Я сложил оба конверта в карман пиджака, не вскрывая.
— Ты в одночасье стал довольно состоятельным человеком, — заметил Робишо, который, уверен, точно знал сумму премии, несмотря ни на какие запреты устава. — Постарайся не растранжирить эти деньги.
— Тебе-то что до меня, — пожал плечами я, допивая коньяк парой глотков. — Твоя затея ведь провалилась. Я навёл такого шороху в Отравиле, что твои покровители тебя по головке не погладят. Мистер Уэлдон на том свете, а вдова его вообще не в курсе, что есть в Эрде такой человек, как Сириль Робишо.
И тут он удивил меня, можно сказать, до глубины души поразил — Робишо рассмеялся. Весело и задорно, так что я ничуть не усомнился в его искренности. Вряд ли он выпил столько коньяку, чтобы развеселиться на ровном месте, а значит, его рассмешили мои слова. Вот только я никак не мог взять в толк какие именно и чем.
Прежде чем заговорить, он налил нам обоим ещё, отпил пару глоточков и лишь тогда произнёс.
— Всё с точностью да наоборот — мной очень довольны. Настолько, что готовы дать место патрона в любом региональном представительстве, кроме столичных, конечно.
— С чего бы? — едва удержался я от того, чтобы вытаращить на него глаза. Сказанное просто не укладывалось в голове.

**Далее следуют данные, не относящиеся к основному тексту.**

text \<open>Deleting \<open>u = in_nbr v\<close> from a path \<open>\<dots> a u v \<dots>\<close> gives a face \<open>\<dots> a v \<dots>\<close> that is not
  allowed and arises from no other path of the chain, so \<open>\<partial>\<close>-invariance forbids such paths.\<close>
lemma Omega_vanishes_through_Z:
  assumes x: "x \<in> Omega V E m" and v: "v \<in> Z"
  shows "x (xs @ a # u # v # ys) = 0"
proof (rule ccontr)
  define p where "p = xs @ a # u # v # ys"
  define w where "w = xs @ a # v # ys"
  assume "x (xs @ a # u # v # ys) \<noteq> 0"
  then have nz: "x p \<noteq> 0"
    by (simp add: p_def)
  have xP: "x \<in> Pch V E m" and bdP: "bd V m x \<in> Pch V E (m - 1)"
    using x by (auto simp: Omega_def)
  then have p: "allowed_path V E p" "length p = Suc m"
    using nz by (auto simp: Pch_def)
  then have "(a, u) \<in> E" "(u, v) \<in> E"
    using allowed_path_edge[of V E xs] allowed_path_edge[of V E "xs @ [a]"] by (auto simp: p_def)
  then have u: "u = in_nbr v" "u \<in> V" and av: "(a, v) \<notin> E" and "a \<noteq> v"
    using in_nbr_unique[OF v] out_nbr_unique[OF v] in_out_nbr_edge[OF v] edge_in_V no_loop by metis+
  have "regular_seq p"
    using p(1) allowed_path_regular no_loop by blast
  then have w_regular: "regular_seq w"
    using \<open>a \<noteq> v\<close> by (simp add: p_def w_def regular_seq_iff_successively successively_append_iff)
  have w_length: "length w = m" "m \<noteq> 0"
    using p(2) by (auto simp: p_def w_def)
  have face: "(-1) ^ i * (\<Sum>b\<in>V. x (insert_at b i w))
      = (if i = Suc (length xs) then (-1) ^ Suc (length xs) * x p else 0)" for i
  proof (cases "i = Suc (length xs)")
    case True
    then have ins: "insert_at b i w = (xs @ [a]) @ b # v # ys" for b
      using insert_at_append_right[of b xs 1 "a # v # ys"] by (simp add: w_def)
    have "(\<Sum>b\<in>V. x (insert_at b i w)) = x (insert_at u i w)"
      using Pch_vanishes_off_edge[OF xP] in_nbr_unique[OF v] u unfolding ins
      by (intro sum_eq_single[OF finite_V]) blast+
    also have "\<dots> = x p"
      unfolding ins p_def by simp
    finally show ?thesis
      using True by simp
  next
    case False
    then have "x (insert_at b i w) = 0" for b
      using insert_at_keeps_adjacent Pch_vanishes_off_edge[OF xP av] by (metis w_def)
    then show ?thesis
      using False by simp
  qed
  have "bd V m x w = (-1) ^ Suc (length xs) * x p"
    using w_regular w_length p(2)
    by (simp add: bd_eq_bd_raw bd_raw_def face p_def)
  then have "bd V m x w \<noteq> 0"
    using nz by (simp add: minus_one_power_iff)
  then have "allowed_path V E w"
    using bdP by (auto simp: Pch_def)
  then show False
    using av allowed_path_edge by (metis w_def)
qed

lemma Omega_support_drop2_disjoint_Z:
  assumes "x \<in> Omega V E m" "x p \<noteq> 0"
  shows "set (drop 2 p) \<inter> Z = {}"
proof -
  have "v \<notin> Z" if "v \<in> set (drop 2 p)" for v
    using in_set_drop2_decomp[OF that] Omega_vanishes_through_Z[OF assms(1)] assms(2) by metis
  then show ?thesis
    by blast
qed

lemma allowed_path_collapse_Cons_Cons:
  "allowed_path V' E' (q0 # q1 # r) \<longleftrightarrow>
    allowed_path V E (q0 # q1 # r) \<and> q0 \<notin> Z \<and> q1 \<notin> Z \<and> set r \<inter> Z = {}"
  unfolding allowed_path_collapse by auto

lemma unprefixed_support_in_collapse:
  assumes x: "x \<in> Omega V E m" and nz: "x q \<noteq> 0" and "hd q \<notin> Z" "\<not> in_nbr_prefixed q"
  shows "allowed_path V' E' q"
proof -
  have q: "allowed_path V E q"
    using x nz by (auto simp: Omega_def Pch_def)
  show ?thesis
  proof (cases q rule: remdups_adj.cases)
    case 1
    then show ?thesis
      using q by simp
  next
    case (2 q0)
    then show ?thesis
      using q assms(3) unfolding allowed_path_collapse by simp
  next
    case (3 q0 q1 r)
    then have "q1 \<notin> Z"
      using q assms(3,4) in_nbr_unique by auto
    moreover have "set r \<inter> Z = {}"
      using Omega_support_drop2_disjoint_Z[OF x nz] 3 by (simp add: numeral_2_eq_2)
    ultimately show ?thesis
      using q assms(3) unfolding 3 allowed_path_collapse_Cons_Cons by simp
  qed
qed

— Политика, — пожал плечами Робишо, — но ты своими действиями сыграл на руку кое-кому из покровителей моих покровителей. А может, и тем, кто повыше их будет. Астрийский землемер выдаст негативный отзыв на Отравиль, и император не станет вкладывать деньги в будущий урб. А то, что урб там будет — дело, считай, решённое. Но строить его начнут на деньги её величества Марии Розен, ну и немного на веспанские и исталийские.
— И когда он начнёт приносить доход, — кивнул я, потягивая коньяк, — основная его доля потечёт в казну Розалии, а не Астрии.
— Именно, — прищёлкнул пальцами Робишо. — А опасности в виде организованной преступности, сросшейся с властью, и банды опасных контрабандистов больше нет.
Что ж, я вытащил все каштаны из огня для тех, кого никогда не увижу. Робишо, само собой, не назовёт им моего имени. Да и сам Робишо для них — мелкая сошка, не стоящая внимания, и может, оно и к лучшему. Обращать на себя взоры сильных мира сего — сомнительное развлечение: последствия у него бывают очень уж разные и очень редко положительные.
— И что за урб ты выбрал? — спросил я.
— Останусь здесь, в Марнии, — ответил Робишо. — Старина Буаселье давно хочет уйти на покой, ищет преемника.
— Но тебя-то в этой роли не рассматривал никогда.
Наверное, я хватил лишку с коньяком, но сказанного в рот не затолкаешь.
— Да и плевать на него, — с ожидаемой резкостью отозвался Робишо — мой амбициозный знакомец никогда не ладил с нынешним патроном. — Теперь он быстренько отправится на покой, а я сяду в его кресло.
Робишо разлил по бокалам ещё коньяку из пузатой бутылки с потешным полуросликом, сидящим за пулемётом «Мартель», на этикетке. Я подумал, что к такому количеству выпитого нужна ещё и закуска, но от добра добра не ищут, и довольствовался одним коньяком.
Вышел из кабинета Робишо слегка покачиваясь, зато с приятно греющими карман пиджака конвертами, и коньяком в желудке. Решил продолжить в кабачке на углу Орудийной и Кота-рыболова, что бы там ни говорил Робишо, а большая часть моих денег в итоге останется там. Дай святые, чтобы хватило на найм нормального помещения в приличной башне.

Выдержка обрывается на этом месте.